The Abbey of Longchamp in the 17th Century (engraving by Israël Silvestre)

Royal Foundation[edit]

St Isabelle, foundress of Longchamp (Saint-Germain-l'Auxerrois, Paris)

Though betrothed to Hugh, eldest son and heir of Hugh X of Lusignan, Isabelle refused to celebrate the formal wedding due to her fixed determination to remain a virgin, although she never became a nun.

In furtherance of Isabelle's wish to found a monastery of Poor Clares, her brother King Louis IX of France began in 1255 to acquire the necessary land in the Forest of Rouvray, not far from the Seine, west of Paris. On 10 June 1256, the first slide of the monastery church was laid.

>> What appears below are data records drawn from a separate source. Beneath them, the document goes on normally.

lemma partition_of_in_PIstar:
  assumes L: "line_system X L"
  shows "partition_of X L \<in> PIstar X"
proof -
  have lines_sub: "line_of p \<subseteq> ground X" if "p \<in> L" for p
    using that line_systemD[OF L] by (cases p) simp
  have lines_disjoint: "line_of p \<inter> line_of q = {}" if "p \<in> L" "q \<in> L" "p \<noteq> q" for p q
  proof -
    obtain A B C D where pq: "p = (A, B)" "q = (C, D)" by (metis prod.exhaust)
    with that have "A \<inter> C = {} \<and> B \<inter> D = {}"
      using line_system_eq[OF L] by blast
    with pq show ?thesis by (simp add: line_of_disjoint)
  qed
  have "\<Union>(partition_of X L) = ground X"
  proof (intro equalityI subsetI)
    fix z assume "z \<in> ground X"
    then show "z \<in> \<Union>(partition_of X L)"
      by (cases "z \<in> \<Union>(line_of ` L)") (auto simp: partition_of_def)
  qed (use lines_sub in \<open>auto simp: partition_of_def\<close>)
  moreover have "Y \<inter> Z = {}" if "Y \<in> partition_of X L" "Z \<in> partition_of X L" "Y \<noteq> Z" for Y Z
    using that lines_disjoint unfolding partition_of_def by blast
  moreover have "Z \<noteq> {} \<and> ((\<exists>z. Z = {z}) \<or> gen_line Z)" if "Z \<in> partition_of X L" for Z
  proof (cases "Z \<in> line_of ` L")
    case True
    then have "gen_line Z" using line_systemD[OF L] by auto
    then show ?thesis by (auto simp: gen_line_def)
  next
    case False
    then show ?thesis using that unfolding partition_of_def by auto
  qed
  ultimately show ?thesis
    unfolding PIstar_def is_partition_of_def by blast
qed

lemma lines_of_partition_of:
  assumes L: "line_system X L"
  shows "lines_of (partition_of X L) = L"
proof (intro equalityI subsetI)
  fix p assume "p \<in> lines_of (partition_of X L)"
  then obtain A B where p: "p = (A, B)" "line_of (A, B) \<in> partition_of X L" "A \<noteq> {}" "B \<noteq> {}"
    unfolding lines_of_def by auto
  then have "line_of (A, B) \<in> line_of ` L"
    using line_of_not_singleton[OF p(3,4)] unfolding partition_of_def by blast
  then show "p \<in> L" using p(1) by auto
next
  fix p assume "p \<in> L"
  then show "p \<in> lines_of (partition_of X L)"
    using line_systemD[OF L] unfolding lines_of_def partition_of_def by (cases p) auto
qed

lemma bij_betw_partition_of: "bij_betw (partition_of X) {L. line_system X L} (PIstar X)"
  by (rule bij_betw_byWitness[where f' = lines_of])
    (auto simp: lines_of_partition_of partition_of_lines_of partition_of_in_PIstar line_system_lines_of)

lemma bij_betw_lines_of: "bij_betw lines_of (PIstar X) {L. line_system X L}"
  by (rule bij_betw_byWitness[where f' = "partition_of X"])
    (auto simp: lines_of_partition_of partition_of_lines_of partition_of_in_PIstar line_system_lines_of)

lemma PI_lines_prod_eq: "PI_lines_prod P Q = line_of ` (lines_of P O lines_of Q)"
  unfolding PI_lines_prod_def lines_of_def line_of_Pair[symmetric] by fastforce

lemma PI_prod_eq: "PI_prod X P Q = partition_of X (lines_of P O lines_of Q)"
  unfolding PI_prod_def partition_of_def PI_lines_prod_eq ..

section \<open>The monoid of line systems under relational composition\<close>

lemma line_system_empty [simp]: "line_system X {}"
  by (simp add: line_system_def)

lemma line_system_diag: "A \<noteq> {} \<Longrightarrow> A \<subseteq> X \<Longrightarrow> line_system X {(A, A)}"
  by (rule line_systemI) auto

lemma line_system_relcomp:
  assumes L: "line_system X L" and M: "line_system X M"
  shows "line_system X (L O M)"
proof (rule line_systemI)
  fix A D assume "(A, D) \<in> L O M"
  then obtain B where "(A, B) \<in> L" "(B, D) \<in> M" by blast
  then show "A \<noteq> {} \<and> A \<subseteq> X \<and> D \<noteq> {} \<and> D \<subseteq> X"
    using line_systemD(1,2)[OF L] line_systemD(3,4)[OF M] by simp
next
  fix A D A' D' assume "(A, D) \<in> L O M" "(A', D') \<in> L O M" and meet: "A \<inter> A' \<noteq> {} \<or> D \<inter> D' \<noteq> {}"
  then obtain B B' where AB: "(A, B) \<in> L" "(B, D) \<in> M" and AB': "(A', B') \<in> L" "(B', D') \<in> M"
    by blast
  have "B = B'"
  proof (cases "A \<inter> A' = {}")
    case True
    with meet show ?thesis using line_system_eq(1)[OF M AB(2) AB'(2)] by blast
  next
    case False
    then show ?thesis using line_system_eq(2)[OF L AB(1) AB'(1)] by blast
  qed
  moreover have "B \<noteq> {}" using line_systemD(3)[OF L AB(1)] .
  ultimately show "A = A' \<and> D = D'"
    using line_system_eq(1)[OF L AB(1) AB'(1)] line_system_eq(2)[OF M AB(2) AB'(2)] by auto
qed

lemma partition_of_relcomp:
  assumes "line_system X L" and "line_system X M"
  shows "partition_of X (L O M) = PI_prod X (partition_of X L) (partition_of X M)"
  using assms by (simp add: PI_prod_eq lines_of_partition_of)

lemma mem_iff_diag_relcomp_diag: "(A, B) \<in> L \<longleftrightarrow> {(A, A)} O L O {(B, B)} \<noteq> {}"
  by auto

lemma idempotent_line_system_diagonal:
  assumes L: "line_system X L" and idem: "L O L = L" and AB: "(A, B) \<in> L"
  shows "A = B"
proof -
  obtain C where AC: "(A, C) \<in> L" and CB: "(C, B) \<in> L"
    using AB idem by blast
  have "C = B"
    using line_system_eq[OF L AC AB] line_systemD(1)[OF L AB] by simp
  with CB have "(B, B) \<in> L" by simp
  then show "A = B"
    using line_system_eq[OF L AB] line_systemD(3)[OF L AB] by simp
qed

definition minimal_idempotent :: "'a set \<Rightarrow> ('a set \<times> 'a set) set \<Rightarrow> bool" where
  "minimal_idempotent X L \<longleftrightarrow> line_system X L \<and> L \<noteq> {} \<and> L O L = L \<and>
     (\<forall>N. line_system X N \<longrightarrow> N O N = N \<and> N O L = N \<longrightarrow> N = {} \<or> N = L)"

lemma minimal_idempotent_iff:
  "minimal_idempotent X L \<longleftrightarrow> (\<exists>A. A \<noteq> {} \<and> A \<subseteq> X \<and> L = {(A, A)})"
proof
  assume min: "minimal_idempotent X L"
  then have L: "line_system X L" and idem: "L O L = L"
    by (simp_all add: minimal_idempotent_def)
  from min obtain A B where AB: "(A, B) \<in> L"
    by (auto simp: minimal_idempotent_def)
  with idempotent_line_system_diagonal[OF L idem AB] have AA: "(A, A) \<in> L" by simp
  have "{(A, A)} O L = {(A, A)}"
  proof (intro equalityI subsetI)
    fix p assume "p \<in> {(A, A)} O L"
    then obtain D where "(A, D) \<in> L" "p = (A, D)" by blast
    then show "p \<in> {(A, A)}"
      using idempotent_line_system_diagonal[OF L idem, of A D] by simp
  qed (use AA in blast)
  moreover have "{(A, A)} O {(A, A)} = {(A, A)}" by auto
  moreover have minimal: "\<And>N. line_system X N \<Longrightarrow> N O N = N \<Longrightarrow> N O L = N \<Longrightarrow> N = {} \<or> N = L"
    using min by (simp add: minimal_idempotent_def)
  ultimately have "{(A, A)} = {} \<or> {(A, A)} = L"
    using line_system_diag[OF line_systemD(1,2)[OF L AA]] by (intro minimal)
  then have "{(A, A)} = L" by simp
  with line_systemD(1,2)[OF L AA] show "\<exists>A. A \<noteq> {} \<and> A \<subseteq> X \<and> L = {(A, A)}" by blast
next
  assume "\<exists>A. A \<noteq> {} \<and> A \<subseteq> X \<and> L = {(A, A)}"
  then obtain A where A: "A \<noteq> {}" "A \<subseteq> X" and L: "L = {(A, A)}" by blast
  have "N = {} \<or> N = L" if N: "line_system X N" "N O N = N" "N O L = N" for N
  proof -
    have "N \<subseteq> {(A, A)}"
    proof
      fix p assume "p \<in> N"
      then have "p \<in> N O {(A, A)}" using N(3) L by simp
      then obtain C where "p = (C, A)" "(C, A) \<in> N" by blast
      then show "p \<in> {(A, A)}"
        using idempotent_line_system_diagonal[OF N(1,2), of C A] by simp
    qed
    then show ?thesis using L by blast
  qed
  then show "minimal_idempotent X L"
    unfolding minimal_idempotent_def using line_system_diag[OF A] L by auto
qed

lemma disjoint_or_eq_iff_ex_line_system:
  assumes "A \<noteq> {}" "A \<subseteq> X" "B \<noteq> {}" "B \<subseteq> X"
  shows "A \<inter> B = {} \<or> A = B \<longleftrightarrow>
    (\<exists>N. line_system X N \<and> {(A, A)} O N = {(A, A)} \<and> {(B, B)} O N = {(B, B)})"
proof
  assume "A \<inter> B = {} \<or> A = B"
  then have "line_system X {(A, A), (B, B)}"
    using assms by (intro line_systemI) auto
  moreover have "{(A, A)} O {(A, A), (B, B)} = {(A, A)}" "{(B, B)} O {(A, A), (B, B)} = {(B, B)}"
    by auto
  ultimately show "\<exists>N. line_system X N \<and> {(A, A)} O N = {(A, A)} \<and> {(B, B)} O N = {(B, B)}"
    by blast
next
  assume "\<exists>N. line_system X N \<and> {(A, A)} O N = {(A, A)} \<and> {(B, B)} O N = {(B, B)}"
  then obtain N where N: "line_system X N"
    and "(A, A) \<in> {(A, A)} O N" "(B, B) \<in> {(B, B)} O N"
    by auto
  then have "(A, A) \<in> N" "(B, B) \<in> N" by blast+
  then show "A \<inter> B = {} \<or> A = B"
    using line_system_eq(1)[OF N] by blast
qed

section \<open>Line systems transported along a map\<close>

definition line_map :: "('a \<Rightarrow> 'b) \<Rightarrow> ('a set \<times> 'a set) set \<Rightarrow> ('b set \<times> 'b set) set" where
  "line_map \<sigma> L = map_prod ((`) \<sigma>) ((`) \<sigma>) ` L"

lemma line_map_memI: "(A, B) \<in> L \<Longrightarrow> (\<sigma> ` A, \<sigma> ` B) \<in> line_map \<sigma> L"
  unfolding line_map_def by (rule rev_image_eqI) auto

lemma line_map_memE:
  assumes "q \<in> line_map \<sigma> L"
  obtains A B where "(A, B) \<in> L" and "q = (\<sigma> ` A, \<sigma> ` B)"
  using assms unfolding line_map_def by auto

lemma line_system_line_map:
  assumes inj: "inj_on \<sigma> X" and into: "\<sigma> ` X \<subseteq> X'" and L: "line_system X L"
  shows "line_system X' (line_map \<sigma> L)"
proof (rule line_systemI)
  fix A' B' assume "(A', B') \<in> line_map \<sigma> L"
  then obtain A B where "(A, B) \<in> L" "A' = \<sigma> ` A" "B' = \<sigma> ` B"
    by (auto elim: line_map_memE)
  with line_systemD[OF L] into show "A' \<noteq> {} \<and> A' \<subseteq> X' \<and> B' \<noteq> {} \<and> B' \<subseteq> X'"
    by blast
next
  fix A' B' C' D'
  assume "(A', B') \<in> line_map \<sigma> L" "(C', D') \<in> line_map \<sigma> L"
    and meet: "A' \<inter> C' \<noteq> {} \<or> B' \<inter> D' \<noteq> {}"
  then obtain A B C D where AB: "(A, B) \<in> L" "A' = \<sigma> ` A" "B' = \<sigma> ` B"
    and CD: "(C, D) \<in> L" "C' = \<sigma> ` C" "D' = \<sigma> ` D"
    by (auto elim!: line_map_memE)
  have "\<sigma> ` A \<inter> \<sigma> ` C = \<sigma> ` (A \<inter> C)" "\<sigma> ` B \<inter> \<sigma> ` D = \<sigma> ` (B \<inter> D)"
    using inj_on_image_Int[OF inj] line_systemD[OF L AB(1)] line_systemD[OF L CD(1)] by simp_all
  with meet AB CD have "A \<inter> C \<noteq> {} \<or> B \<inter> D \<noteq> {}" by auto
  with AB CD show "A' = C' \<and> B' = D'"
    using line_system_eq[OF L AB(1) CD(1)] by simp
qed

lemma line_map_relcomp:
  assumes inj: "inj_on \<sigma> X" and L: "line_system X L" and M: "line_system X M"
  shows "line_map \<sigma> (L O M) = line_map \<sigma> L O line_map \<sigma> M"
proof (intro equalityI subsetI)
  fix q assume "q \<in> line_map \<sigma> (L O M)"
  then obtain A B D where "(A, B) \<in> L" "(B, D) \<in> M" "q = (\<sigma> ` A, \<sigma> ` D)"
    by (auto elim!: line_map_memE)
  then show "q \<in> line_map \<sigma> L O line_map \<sigma> M"
    by (blast intro: line_map_memI)
next
  fix q assume "q \<in> line_map \<sigma> L O line_map \<sigma> M"
  then obtain A B B' D where AB: "(A, B) \<in> L" and BD: "(B', D) \<in> M"
    and q: "q = (\<sigma> ` A, \<sigma> ` D)" and "\<sigma> ` B = \<sigma> ` B'"
    by (auto elim!: line_map_memE)
  moreover have "B \<subseteq> X" "B' \<subseteq> X"
    using line_systemD[OF L AB] line_systemD[OF M BD] by simp_all
  ultimately have "B = B'"
    using inj_on_image_eq_iff[OF inj] by blast
  with AB BD q show "q \<in> line_map \<sigma> (L O M)"
    by (blast intro: line_map_memI)
qed

lemma line_map_line_map: "line_map \<sigma> (line_map \<tau> L) = line_map (\<sigma> \<circ> \<tau>) L"
proof -
  have "(`) \<sigma> \<circ> (`) \<tau> = (`) (\<sigma> \<circ> \<tau>)"
    by (simp add: fun_eq_iff image_comp)
  then show ?thesis
    by (simp add: line_map_def image_comp map_prod.comp)
qed

lemma line_map_cong:
  assumes L: "line_system X L" and eq: "\<And>x. x \<in> X \<Longrightarrow> \<sigma> x = \<tau> x"
  shows "line_map \<sigma> L = line_map \<tau> L"
  unfolding line_map_def
proof (rule image_cong[OF refl])
  fix p assume "p \<in> L"
  moreover obtain A B where "p = (A, B)" by fastforce
  ultimately have "A \<subseteq> X" "B \<subseteq> X" "p = (A, B)"
    using line_systemD[OF L] by auto
  then show "map_prod ((`) \<sigma>) ((`) \<sigma>) p = map_prod ((`) \<tau>) ((`) \<tau>) p"
    using eq by (auto intro!: image_cong)
qed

The building appears to have been completed about the beginning of 1259, because Pope Alexander IV gave his sanction on 2 February 1259, to the new Rule which was composed especially for this monastery by the Franciscan Mansuetus base on the Rule of St. Clare. Not as strict as that rule, the community was allowed to hold property. The monastery was named the Monastery of the Humility of the Blessed Virgin. In the Rule the nuns were called the Sisters of the humble order of servants of the most Blessed Virgin Mary. The nuns were subject to the Friars Minor. Some of the first nuns came from the Poor Clare monastery in Rheims.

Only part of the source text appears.